COTI-2 is a small molecule that acts on the mutated p53 protein to prevent tumor progression. p53 is a natural tumor suppressor that cells use to prevent uncontrolled cell growth. But in over 50 percent of all cancers, the gene that encodes this protein is mutated, preventing p53 from working properly.
Preclinical studies have shown that COTI-2 restores the workings of mutant p53 to induce cancer cell death. Together with low toxicity, the findings make COTI-2 a potentially attractive therapy for many cancer types.

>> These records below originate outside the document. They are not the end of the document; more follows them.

(* Let $\mathcal{F}\subseteq\mathcal{P}(\omega)$ be a free filter and let $\mathcal{F}^{(\omega)}$ be the set of all subsets of $\omega\times\omega$ of the form $\bigcup\{\{n\}\times A_n:n<\omega\}$ with $A_n\in\mathcal{F}$ for all $n$. Then (a) $\mathcal{F}$ is non-meager if and only if $\mathcal{F}^{(\omega)}$ is non-meager; and (b) $\mathcal{F}$ is a $P$-filter if and only if $\mathcal{F}^{(\omega)}$ is a $P$-filter.
   Context: A filter on a countable set $S$ is free if it contains all cofinite subsets of $S$. Subsets of $\omega$ (resp. $\omega\times\omega$) are identified with their characteristic functions, so $\mathcal{P}(\omega)$ and $\mathcal{P}(\omega\times\omega)$ carry the Cantor set topology; a filter is non-meager if it is not meager as a subspace of this Cantor set. A filter $\mathcal{G}$ is a $P$-filter if for every countable $\{G_n:n<\omega\}\subseteq\mathcal{G}$ there is $G\in\mathcal{G}$ with $G\setminus G_n$ finite for every $n$. ($\mathcal{F}^{(\omega)}$ is a filter on $\omega\times\omega$.) *)

theory Defs
  imports "HOL-Analysis.Analysis"
begin

definition is_filter :: "'a set set \<Rightarrow> bool" where
  "is_filter F \<longleftrightarrow> UNIV \<in> F \<and> {} \<notin> F \<and>
     (\<forall>A B. A \<in> F \<and> A \<subseteq> B \<longrightarrow> B \<in> F) \<and>
     (\<forall>A B. A \<in> F \<and> B \<in> F \<longrightarrow> A \<inter> B \<in> F)"

definition free_filter :: "'a set set \<Rightarrow> bool" where
  "free_filter F \<longleftrightarrow> is_filter F \<and> (\<forall>A. finite (UNIV - A) \<longrightarrow> A \<in> F)"

definition P_filter :: "'a set set \<Rightarrow> bool" where
  "P_filter F \<longleftrightarrow> is_filter F \<and>
     (\<forall>G :: nat \<Rightarrow> 'a set. range G \<subseteq> F \<longrightarrow> (\<exists>H\<in>F. \<forall>n. finite (H - G n)))"
lemma min_one_union_bound_le_power:
  fixes q n2 :: real
  assumes q: "q \<ge> 0" and n2: "n2 \<ge> 1"
  shows "min 1 (real N * real ((N - 1) choose m) * (n2 * q * q ^ m)) \<le> (q * real N) ^ m * n2"
proof (cases "q * real N \<le> 1")
  case True
  have "(N - 1) choose m \<le> ((N - 1) choose m) * fact m"
    by simp
  also have "\<dots> \<le> (N - 1) ^ m"
    by (rule binomial_fact_pow)
  also have "\<dots> \<le> N ^ m"
    by (simp add: power_mono)
  finally have "real ((N - 1) choose m) \<le> real N ^ m"
    by (metis of_nat_le_iff of_nat_power)
  then have "real N * real ((N - 1) choose m) * (n2 * q * q ^ m) \<le> real N * real N ^ m * (n2 * q * q ^ m)"
    using q n2 by (intro mult_right_mono mult_left_mono) auto
  also have "\<dots> = (q * real N) * (q * real N) ^ m * n2"
    by (simp add: power_mult_distrib mult_ac)
  also have "\<dots> \<le> (q * real N) ^ m * n2"
    using True q n2 by (intro mult_right_mono mult_left_le_one_le) auto
  finally show ?thesis
    by (simp add: min_le_iff_disj)
next
  case False
  then have "1 \<le> (q * real N) ^ m"
    by (simp add: one_le_power)
  also have "\<dots> \<le> (q * real N) ^ m * n2"
    using n2 calculation by simp
  finally show ?thesis
    by (simp add: min_le_iff_disj)
qed
lemma cone_step_receding:
  assumes "0 \<le> \<mu>" "\<mu> \<le> lam"
  defines "x' \<equiv> relax_proj (feasible_set S) \<mu> x"
  shows "(in_cone u \<delta> x' \<and> cone_lyapunov u \<kappa> Phi x' \<le> cone_lyapunov u \<kappa> Phi x)
    \<or> norm x' \<le> (1 - \<alpha>/4) * cone_lyapunov u \<kappa> Phi x"
proof -
  have "cone_lyapunov u \<kappa> Phi x' \<le> cone_lyapunov u \<kappa> Phi x"
    using receding_Phi_decrease[OF assms(1,2)] receding_step(1)[of \<mu>] cone_constants(1)
    unfolding cone_lyapunov_def x'_def by (simp add: mult_left_mono)
  then show ?thesis using receding_exit[OF assms(1,2)] unfolding x'_def by blast
qed

end

lemma cone_step:
  assumes "S \<in> F" "in_cone u \<delta> x" "threshold \<le> inner x u" "0 \<le> \<mu>" "\<mu> \<le> lam"
  defines "x' \<equiv> relax_proj (feasible_set S) \<mu> x"
  shows "(in_cone u \<delta> x' \<and> cone_lyapunov u \<kappa> Phi x' \<le> cone_lyapunov u \<kappa> Phi x)
    \<or> norm x' \<le> (1 - \<alpha>/4) * cone_lyapunov u \<kappa> Phi x"
proof (cases "\<forall>(a, b)\<in>S. inner a u \<le> 0")
  case True
  show ?thesis unfolding x'_def using assms(1) True assms(2-5) by (rule cone_step_receding)
next
  case False
  then obtain a b where ab: "(a, b) \<in> S" "0 < inner a u" by auto
  then have "4 * g * norm a \<le> inner a u" "a \<noteq> 0" using angle assms(1) by fastforce+
  then show ?thesis unfolding x'_def using assms ab by (intro cone_step_blocked) auto
qed

lemma norm_le_cone_lyapunov: "in_cone u \<delta> x \<Longrightarrow> norm x \<le> 2 * cone_lyapunov u \<kappa> Phi x"
  using in_cone_height[OF unit _ cone_constants(4,6)] height_le_cone_lyapunov[of x] by fastforce

lemma cone_relax_step:
  assumes "in_cone u \<delta> x" "2 * threshold \<le> norm x" "relax_step F lam x x'"
  shows "(in_cone u \<delta> x' \<and> cone_lyapunov u \<kappa> Phi x' \<le> cone_lyapunov u \<kappa> Phi x)
    \<or> norm x' \<le> (1 - \<alpha>/4) * cone_lyapunov u \<kappa> Phi x"
proof -
  have "threshold \<le> inner x u" using in_cone_height[OF unit assms(1) cone_constants(4,6)] assms(2) by simp
  moreover obtain S \<mu> where "S \<in> F" "0 \<le> \<mu>" "\<mu> \<le> lam" "x' = relax_proj (feasible_set S) \<mu> x"
    using assms(3) unfolding relax_step_def by auto
  ultimately show ?thesis using assms(1) cone_step by blast
qed

end

section \<open>Gluing Lyapunov functions of finitely many cones\<close>

lemma exit_norm_le:
  fixes a K w B n :: real
  assumes "0 < a" "a \<le> 1" "0 \<le> n" "16 * K \<le> a * w" "w \<le> (1 + a/8) * B" "n \<le> (1 - a/4) * w"
  shows "n + K \<le> B"
proof -
  have "0 < 1 - a/4" "0 < 1 + a/8" using assms(1,2) by auto
  have "0 \<le> (1 - a/4) * w" using assms(3,6) by linarith
  then have "0 \<le> w" using \<open>0 < 1 - a/4\<close> by (simp add: zero_le_mult_iff)
  then have "0 \<le> (1 + a/8) * B" using assms(5) by linarith
  then have "0 \<le> B" using \<open>0 < 1 + a/8\<close> by (simp add: zero_le_mult_iff)
  have "0 \<le> a * w" using assms(1) \<open>0 \<le> w\<close> by simp
  then have "n + K \<le> (1 - a/8) * w" using assms(4,6) by (simp add: algebra_simps)
  also have "\<dots> \<le> (1 - a/8) * ((1 + a/8) * B)" using assms(1,2,5) by (intro mult_left_mono) auto
  also have "\<dots> = B - (a/8)^2 * B" by (simp add: field_simps power2_eq_square)
  also have "\<dots> \<le> B" using \<open>0 \<le> B\<close> by simp
  finally show ?thesis .
qed

locale lyapunov_cone_cover =
  fixes step :: "'a::real_normed_vector \<Rightarrow> 'a \<Rightarrow> bool" and V :: "'a set"
    and D :: "'b set" and U :: "'b \<Rightarrow> 'a \<Rightarrow> bool" and W :: "'b \<Rightarrow> 'a \<Rightarrow> real"
    and \<alpha> T :: "'b \<Rightarrow> real" and R M K :: real
  assumes finite_D: "finite D"
    and zero_in_V: "0 \<in> V" and step_V: "\<And>z z'. z \<in> V \<Longrightarrow> step z z' \<Longrightarrow> z' \<in> V"
    and step_norm: "\<And>z z'. step z z' \<Longrightarrow> norm z' \<le> 3 * norm z + M"
    and \<alpha>: "\<And>u. u \<in> D \<Longrightarrow> 0 < \<alpha> u" "\<And>u. u \<in> D \<Longrightarrow> \<alpha> u \<le> 1"
    and cone_norm: "\<And>u z. u \<in> D \<Longrightarrow> U u z \<Longrightarrow> norm z \<le> 2 * W u z"
    and cone_step: "\<And>u z z'. u \<in> D \<Longrightarrow> U u z \<Longrightarrow> T u \<le> norm z \<Longrightarrow> step z z' \<Longrightarrow>
      (U u z' \<and> W u z' \<le> W u z) \<or> norm z' \<le> (1 - \<alpha> u / 4) * W u z"
    and cover: "\<And>z. z \<in> V \<Longrightarrow> R \<le> norm z \<Longrightarrow> \<exists>u\<in>D. U u z \<and> W u z \<le> (1 + \<alpha> u / 8) * (norm z + K)"
    and K: "0 \<le> K"
begin

definition "\<rho> = max 0 R + (\<Sum>u\<in>D. \<bar>T u\<bar> + 32 * K / \<alpha> u)"
definition "B = 3 * \<rho> + M + K"
text \<open>The factor 1 + alpha/8 in good absorbs the additive error of the cover when the orbit
  leaves a cone (see exit_norm_le).\<close>

definition "good z \<longleftrightarrow> norm z \<le> \<rho> \<or> (\<exists>u\<in>D. U u z \<and> W u z \<le> (1 + \<alpha> u / 8) * B)"

lemma \<rho>_bounds:
  shows "0 \<le> \<rho>" "R \<le> \<rho>" "u \<in> D \<Longrightarrow> T u \<le> \<rho>" "u \<in> D \<Longrightarrow> 32 * K / \<alpha> u \<le> \<rho>"
proof -
  have nonneg: "0 \<le> \<bar>T u\<bar> + 32 * K / \<alpha> u" if "u \<in> D" for u
    using \<alpha>(1)[OF that] K by simp
  then have "0 \<le> (\<Sum>u\<in>D. \<bar>T u\<bar> + 32 * K / \<alpha> u)" by (rule sum_nonneg)
  then show "0 \<le> \<rho>" "R \<le> \<rho>" unfolding \<rho>_def by auto
  assume "u \<in> D"
  then have "\<bar>T u\<bar> + 32 * K / \<alpha> u \<le> (\<Sum>u\<in>D. \<bar>T u\<bar> + 32 * K / \<alpha> u)"
    using finite_D nonneg by (intro member_le_sum) auto
  moreover have "0 \<le> 32 * K / \<alpha> u" using \<alpha>(1)[OF \<open>u \<in> D\<close>] K by simp
  ultimately show "T u \<le> \<rho>" "32 * K / \<alpha> u \<le> \<rho>"
    unfolding \<rho>_def using abs_ge_self[of "T u"] max.cobounded1[of 0 R] by linarith+
qed

lemma good_if_small: "z \<in> V \<Longrightarrow> norm z + K \<le> B \<Longrightarrow> good z"
proof -
  assume "z \<in> V" "norm z + K \<le> B"
  show "good z"
  proof (cases "norm z \<le> \<rho>")
    case False
    then obtain u where "u \<in> D" "U u z" "W u z \<le> (1 + \<alpha> u / 8) * (norm z + K)"
      using cover[OF \<open>z \<in> V\<close>] \<rho>_bounds(2) by fastforce
    moreover have "(1 + \<alpha> u / 8) * (norm z + K) \<le> (1 + \<alpha> u / 8) * B"
      using \<open>norm z + K \<le> B\<close> \<alpha>(1)[OF \<open>u \<in> D\<close>] by (intro mult_left_mono) auto
    ultimately show ?thesis unfolding good_def by fastforce
  qed (simp add: good_def)
qed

The trial was initially composed of two parts, each designed to determine the best and safest dose for patients with gynecological cancers — ovarian, fallopian tube, primary peritoneal, endometrial, or cervical cancer — or for those with head and neck squamous cell carcinoma.
Interim clinical data from the trial’s first part found that COTI-2 alone is generally safe and well-tolerated. It also provided evidence of early efficacy, with one patient achieving stable disease and a second lower levels of CA-125, an ovarian cancer biomarker.
With the protocol amendment, the trial now includes a third group of patients who will receive COTI-2 in combination with Platinol (cisplatin). This part will include 30 patients with solid cancers, including ovarian, fallopian tube, primary peritoneal, endometrial, cervical, lung, pancreatic or colorectal cancer, or head and neck squamous cell carcinoma.
Patients will take COTI-2 orally, in a five-days-on, two-days-off schedule until they no longer benefit from the treatment. Platinol will be given as an infusion once every three weeks.
Safety and efficacy assessments will be performed every six weeks to determine the optimal, maximum tolerated dose of COTI-2 to be used in Phase 2 of the trial. COTI-2’s stability and overall distribution in the body will also be examined.
Eligible patients are being recruited at the study’s one site, MD Anderson Cancer Center in Houston. More information is available here.
“We remain committed to advancing the clinical development of COTI-2, and we will continue to provide key updates as the trial progresses,” Silva said.